## Work required:
Whenever the word "shows" occurs in a line of the material below, that line is counted. Report only the count.

## Materials provided:
text \<open>With \<open>q(p) = (F(p) - 1)/p \<rightarrow> L\<close>, the expansion of the logarithm gives
  \<open>\<parallel>(1/p) log F(p) - q(p)\<parallel> = O(\<parallel>F(p) - 1\<parallel> \<parallel>q(p)\<parallel>) \<rightarrow> 0\<close>.\<close>

lemma tendsto_scaleR_mlog:
  fixes F :: "real \<Rightarrow> complex^'n^'n"
  assumes F': "(F has_vector_derivative L) (at 0)" and F0: "F 0 = mat 1" and F: "\<And>p. hermitian (F p)"
  shows "((\<lambda>p. (1 / p) *\<^sub>R mlog (F p)) \<longlongrightarrow> L) (at 0)"
proof -
  define n where "n = real CARD('n)"
  define \<delta> where "\<delta> p = norm (F p - mat 1)" for p
  define q where "q p = (1 / p) *\<^sub>R (F p - mat 1)" for p
  have q: "(q \<longlongrightarrow> L) (at 0)"
    using tendsto_difference_quotient[OF F'] by (simp add: q_def[abs_def] F0)
  have "(F \<longlongrightarrow> mat 1) (at 0)"
    using has_vector_derivative_continuous[OF F'] F0 by (simp add: continuous_at)
  hence \<delta>: "(\<delta> \<longlongrightarrow> 0) (at 0)"
    unfolding \<delta>_def by (simp add: tendsto_norm_zero_iff LIM_zero_iff)
  have "norm ((1 / p) *\<^sub>R mlog (F p) - q p) \<le> 2 * n ^ 7 * \<delta> p * norm (q p)"
    if small: "\<delta> p < 1 / (2 * n ^ 2)" for p
  proof -
    have "norm ((1 / p) *\<^sub>R mlog (F p) - q p) = \<bar>1 / p\<bar> * norm (mlog (F p) - (F p - mat 1))"
      by (simp add: q_def flip: scaleR_diff_right)
    also have "\<dots> \<le> \<bar>1 / p\<bar> * (2 * n ^ 7 * (\<delta> p)\<^sup>2)"
      using norm_mlog_sub_le[OF F, of p] small by (intro mult_left_mono) (simp_all add: n_def \<delta>_def)
    also have "\<dots> = 2 * n ^ 7 * \<delta> p * norm (q p)"
      by (simp add: q_def \<delta>_def power2_eq_square)
    finally show ?thesis .
  qed
  moreover have "eventually (\<lambda>p. \<delta> p < 1 / (2 * n ^ 2)) (at 0)"
    using \<delta> by (rule order_tendstoD) (simp add: n_def)
  ultimately have "eventually (\<lambda>p. norm ((1 / p) *\<^sub>R mlog (F p) - q p) \<le> 2 * n ^ 7 * \<delta> p * norm (q p))
      (at 0)"
    by (simp add: eventually_mono)
  moreover have "((\<lambda>p. 2 * n ^ 7 * \<delta> p * norm (q p)) \<longlongrightarrow> 0) (at 0)"
    using tendsto_mult[OF tendsto_mult[OF tendsto_const \<delta>] tendsto_norm[OF q]] by simp
  ultimately have "((\<lambda>p. (1 / p) *\<^sub>R mlog (F p) - q p) \<longlongrightarrow> 0) (at 0)"
    by (rule Lim_null_comparison)
  from tendsto_add[OF this q] show ?thesis
    by simp
qed

theorem tendsto_mpow_inverse_exponent:
  fixes F :: "real \<Rightarrow> complex^'n^'n"
  assumes F': "(F has_vector_derivative L) (at 0)" and F0: "F 0 = mat 1" and F: "\<And>p. hermitian (F p)"
  shows "((\<lambda>p. mpow (F p) (1 / p)) \<longlongrightarrow> mexp L) (at 0)"
proof -
  define G where "G p = (1 / p) *\<^sub>R mlog (F p)" for p
  have G_lim: "(G \<longlongrightarrow> L) (at 0)"
    using tendsto_scaleR_mlog[OF F' F0 F] by (simp add: G_def[abs_def])
  have G: "hermitian (G p)" for p
    by (simp add: G_def cadj_scaleR mlog_def hermitian_mfun F)
  have "(G \<longlongrightarrow> cadj L) (at 0)"
    using tendsto_cadj[OF G_lim] by (simp add: G)
  from tendsto_unique[OF at_neq_bot this G_lim] have "hermitian L" .
  with G_lim G have "((\<lambda>p. mexp (G p)) \<longlongrightarrow> mexp L) (at 0)"
    by (intro tendsto_mexp) simp_all
  moreover
  have "(F \<longlongrightarrow> mat 1) (at 0)"
    using has_vector_derivative_continuous[OF F'] F0 by (simp add: continuous_at)
  hence "eventually (\<lambda>p. dist (F p) (mat 1) < 1 / (2 * real CARD('n) ^ 2)) (at 0)"
    by (rule tendstoD) simp
  hence "eventually (\<lambda>p. mexp (G p) = mpow (F p) (1 / p)) (at 0)"
    by eventually_elim (simp add: G_def dist_norm mpow_eq_mexp_scaleR_mlog_near_1[OF F])
  ultimately show ?thesis by (rule Lim_transform_eventually)
qed

theorem lemma1:
  fixes \<rho> \<sigma> :: "complex^'n^'n"
    and N :: "complex^'n^'n \<Rightarrow> complex^'m^'m"
  assumes "posdef \<rho>" and "density \<rho>"
    and "posdef \<sigma>" and "density \<sigma>"
    and "clinear_map N" and "completely_positive N" and "trace_preserving N"
    and "strictly_positive N"
  shows "((\<lambda>p::real. mpow (mpow \<sigma> (p/2) **
              madjoint N (mpow (N \<sigma>) (-p/2) ** mpow (N \<rho>) p ** mpow (N \<sigma>) (-p/2))
              ** mpow \<sigma> (p/2)) (1/p))
          \<longlongrightarrow> mexp (mlog \<sigma> + madjoint N (mlog (N \<rho>) - mlog (N \<sigma>)))) (at 0)"
proof -
  note \<rho> = \<open>posdef \<rho>\<close> and \<sigma> = \<open>posdef \<sigma>\<close> and N = \<open>clinear_map N\<close> \<open>strictly_positive N\<close>
  have N\<rho>: "posdef (N \<rho>)" and N\<sigma>: "posdef (N \<sigma>)"
    using N(2) \<rho> \<sigma> by (auto simp: strictly_positive_def)
  have e: "((\<lambda>p. p / 2) has_real_derivative 1 / 2) (at 0)" "((\<lambda>p. - p / 2) has_real_derivative - 1 / 2) (at 0)"
    "((\<lambda>p. p) has_real_derivative 1) (at 0)"
    by (auto intro!: derivative_eq_intros)
  define B where "B p = mpow (N \<sigma>) (-p/2) ** mpow (N \<rho>) p ** mpow (N \<sigma>) (-p/2)" for p
  define F where "F p = mpow \<sigma> (p/2) ** madjoint N (B p) ** mpow \<sigma> (p/2)" for p
  have B: "(B has_vector_derivative mlog (N \<rho>) - mlog (N \<sigma>)) (at 0)" "B 0 = mat 1"
    using has_vector_derivative_mpow_sandwich_at_0[OF N\<sigma> e(2) _ has_vector_derivative_mpow_at_0[OF N\<rho> e(3)]]
    by (simp_all add: B_def[abs_def] mpow_0 N\<rho> N\<sigma>)
  have "(F has_vector_derivative mlog \<sigma> + madjoint N (mlog (N \<rho>) - mlog (N \<sigma>))) (at 0)"
    using has_vector_derivative_mpow_sandwich_at_0[OF \<sigma> e(1) _
        bounded_linear.has_vector_derivative[OF bounded_linear_madjoint[OF N(1)] B(1)]]
    by (simp add: F_def[abs_def] B(2) madjoint_mat_1[OF N(1) \<open>trace_preserving N\<close>] add.commute)
  moreover have "F 0 = mat 1"
    by (simp add: F_def B(2) madjoint_mat_1[OF N(1) \<open>trace_preserving N\<close>] mpow_0 \<sigma>)
  moreover have "hermitian (F p)" for p
    by (simp add: F_def B_def cadj_mult matrix_mul_assoc hermitian_mpow \<sigma> N\<rho> N\<sigma> hermitian_madjoint[OF N])
  ultimately show ?thesis
    unfolding F_def B_def by (rule tendsto_mpow_inverse_exponent)
qed

end
lemma ratio_power_ceil_mult_power_le:
  fixes \<alpha> \<beta> r :: real and k :: nat
  assumes \<alpha>: "0 < \<alpha>" "\<alpha> \<le> 1" and \<beta>: "1 \<le> \<beta>" and r: "0 < r" "r < 1"
  shows "(\<beta> / \<alpha>) ^ (nat \<lceil>r * k\<rceil> - 1) * \<alpha> ^ k \<le> (\<alpha> powr (1 - r) * \<beta> powr r) ^ k"
proof (cases "k = 0")
  case False
  define j where "j = nat \<lceil>r * k\<rceil>"
  have rk: "0 < r * k" using r False by simp
  then have j1: "1 \<le> j" and jl: "real j - 1 < r * k" unfolding j_def by linarith+
  have "r * real k \<le> 1 * real k" using r by (intro mult_right_mono) simp_all
  then have jk: "j \<le> k" unfolding j_def by (simp add: ceiling_le_iff nat_le_iff)
  have "(\<beta> / \<alpha>) ^ (j - 1) * \<alpha> ^ k = \<beta> ^ (j - 1) * \<alpha> ^ (k - (j - 1))"
  proof -
    have "\<alpha> ^ k = \<alpha> ^ (j - 1) * \<alpha> ^ (k - (j - 1))" using jk j1 by (simp add: power_add[symmetric])
    then show ?thesis using \<alpha> by (simp add: power_divide field_simps)
  qed
  also have "\<dots> \<le> \<beta> powr (r * k) * \<alpha> powr ((1 - r) * k)"
  proof (rule mult_mono)
    have "\<beta> ^ (j - 1) = \<beta> powr real (j - 1)" using \<beta> by (simp add: powr_realpow)
    also have "\<dots> \<le> \<beta> powr (r * k)" using jl j1 \<beta> by (intro powr_mono) (simp_all add: of_nat_diff)
    finally show "\<beta> ^ (j - 1) \<le> \<beta> powr (r * k)" .
    have "\<alpha> ^ (k - (j - 1)) = \<alpha> powr real (k - (j - 1))" using \<alpha> by (simp add: powr_realpow)
    also have "\<dots> \<le> \<alpha> powr ((1 - r) * k)"
      using jl j1 jk \<alpha> by (intro powr_mono') (simp_all add: of_nat_diff algebra_simps)
    finally show "\<alpha> ^ (k - (j - 1)) \<le> \<alpha> powr ((1 - r) * k)" .
  qed (use \<alpha> in simp_all)
  also have "\<beta> powr (r * k) * \<alpha> powr ((1 - r) * k) = (\<alpha> powr (1 - r) * \<beta> powr r) ^ k"
    using \<alpha> \<beta> by (simp add: power_mult_distrib powr_power mult.commute)
  finally show ?thesis unfolding j_def .
qed simp

lemma ennreal_mult_divide_le:
  assumes "x \<le> 1"
  shows "x * y / x \<le> (y :: ennreal)"
proof (cases "x = 0")
  case False
  moreover have "x \<noteq> top" using assms by (auto simp: top_unique)
  ultimately show ?thesis by (simp add: mult.commute[of x] ennreal_mult_divide_eq)
qed simp
(* Let $L$ be an $n$-dimensional nilpotent Lie algebra. If $\dim\mathcal{M}^{(2)}(L)=\frac13 n(n-1)(n+1)$, then $L\cong A(n)$.
   Context: All Lie algebras are over a fixed field. For a Lie algebra $L$ with free presentation $L\cong F/R$, the $2$-nilpotent multiplier is $\mathcal{M}^{(2)}(L)=(R\cap F^{3})/[[R,F],F]$, where $F^3=[[F,F],F]$. $A(n)$ denotes the abelian Lie algebra of dimension $n$. *)

theory Defs
  imports Complex_Main
begin

section \<open>Lie algebras over a field (the whole type 'v is the underlying vector space)\<close>

definition lie_algebra :: "('k::field \<Rightarrow> 'v::ab_group_add \<Rightarrow> 'v) \<Rightarrow> ('v \<Rightarrow> 'v \<Rightarrow> 'v) \<Rightarrow> bool" where
  "lie_algebra scale br \<longleftrightarrow> vector_space scale
     \<and> (\<forall>x y z. br (x + y) z = br x z + br y z)
     \<and> (\<forall>x y z. br x (y + z) = br x y + br x z)
     \<and> (\<forall>c x y. br (scale c x) y = scale c (br x y))
     \<and> (\<forall>c x y. br x (scale c y) = scale c (br x y))
     \<and> (\<forall>x. br x x = 0)
     \<and> (\<forall>x y z. br x (br y z) + br y (br z x) + br z (br x y) = 0)"

definition lie_dim_eq :: "('k::field \<Rightarrow> 'v::ab_group_add \<Rightarrow> 'v) \<Rightarrow> nat \<Rightarrow> bool" where
  "lie_dim_eq scale n \<longleftrightarrow> (\<exists>B. finite B \<and> module.span scale B = UNIV) \<and> vector_space.dim scale UNIV = n"

text \<open>Lower central series: L^1 = L (index 0 here), L^{i+1} = [L^i, L].\<close>
primrec lower_central :: "('k::field \<Rightarrow> 'v::ab_group_add \<Rightarrow> 'v) \<Rightarrow> ('v \<Rightarrow> 'v \<Rightarrow> 'v) \<Rightarrow> nat \<Rightarrow> 'v set" where
  "lower_central scale br 0 = UNIV"
| "lower_central scale br (Suc i) = module.span scale {br x y | x y. x \<in> lower_central scale br i}"

definition lie_nilpotent :: "('k::field \<Rightarrow> 'v::ab_group_add \<Rightarrow> 'v) \<Rightarrow> ('v \<Rightarrow> 'v \<Rightarrow> 'v) \<Rightarrow> bool" where
  "lie_nilpotent scale br \<longleftrightarrow> (\<exists>c. lower_central scale br c = {0})"

text \<open>The abelian Lie algebra A(n): carrier k^n, realised as functions nat => k vanishing
  outside {..<n}, pointwise linear structure and zero bracket.\<close>
definition abelian_carrier :: "nat \<Rightarrow> (nat \<Rightarrow> 'k::field) set" where
  "abelian_carrier n = {v. \<forall>i\<ge>n. v i = 0}"
text \<open>Closedness at \<open>x = (1 + tA)\<^sup>-\<^sup>1\<close>, where \<open>S E\<^sub>q S\<close> is quadratic in \<open>t\<close>, compared at first order.\<close>

lemma uncurling_metric_linear_condition:
  fixes L :: "real^('n::finite \<times> 'n)^('n \<times> 'n)"
  assumes "uncurling_metric L"
  shows "(L *v mvec (A ** munvec (axis q 1) + munvec (axis q 1) ** A)) $ p
       = (L *v mvec (A ** munvec (axis p 1) + munvec (axis p 1) ** A)) $ q"
proof -
  obtain r where "r > 0"
    and sym: "\<And>x p q. x \<in> ball mone r \<Longrightarrow>
      (L *v mvec (matrix_inv (munvec x) ** munvec (axis q 1) ** matrix_inv (munvec x))) $ p
    = (L *v mvec (matrix_inv (munvec x) ** munvec (axis p 1) ** matrix_inv (munvec x))) $ q"
    using uncurling_metric_sandwich_symmetric[OF assms] by blast
  let ?f = "\<lambda>p q. (L *v mvec (munvec (axis q 1))) $ p"
  let ?g = "\<lambda>p q. (L *v mvec (A ** munvec (axis q 1) + munvec (axis q 1) ** A)) $ p"
  let ?h = "\<lambda>p q. (L *v mvec (A ** munvec (axis q 1) ** A)) $ p"
  have expand: "(L *v mvec ((mat 1 + t *\<^sub>R A) ** munvec (axis q 1) ** (mat 1 + t *\<^sub>R A))) $ p
      = ?f p q + t * ?g p q + t\<^sup>2 * ?h p q" for t p q
    unfolding sandwich_identity_perturbation mvec_add mvec_scaleR matrix_vector_right_distrib
      matrix_vector_mult_scaleR by simp
  have "\<forall>\<^sub>F t in nhds 0. ?f p q + t * ?g p q + t\<^sup>2 * ?h p q = ?f q p + t * ?g q p + t\<^sup>2 * ?h q p"
    using eventually_identity_perturbation[OF \<open>r > 0\<close>, of A]
  proof eventually_elim
    case (elim t)
    let ?x = "mvec (matrix_inv (mat 1 + t *\<^sub>R A))"
    have inv_eq: "matrix_inv (munvec ?x) = mat 1 + t *\<^sub>R A"
      by (intro matrix_inv_eqI) (simp add: matrix_inv_left elim)
    have "?x \<in> ball mone r"
      using elim by blast
    then show ?case
      using sym[of ?x q p] unfolding inv_eq expand by blast
  qed
  then show ?thesis
    by (rule quadratic_eq_near_0_imp_linear_coeff_eq)
qed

## Written answer:
6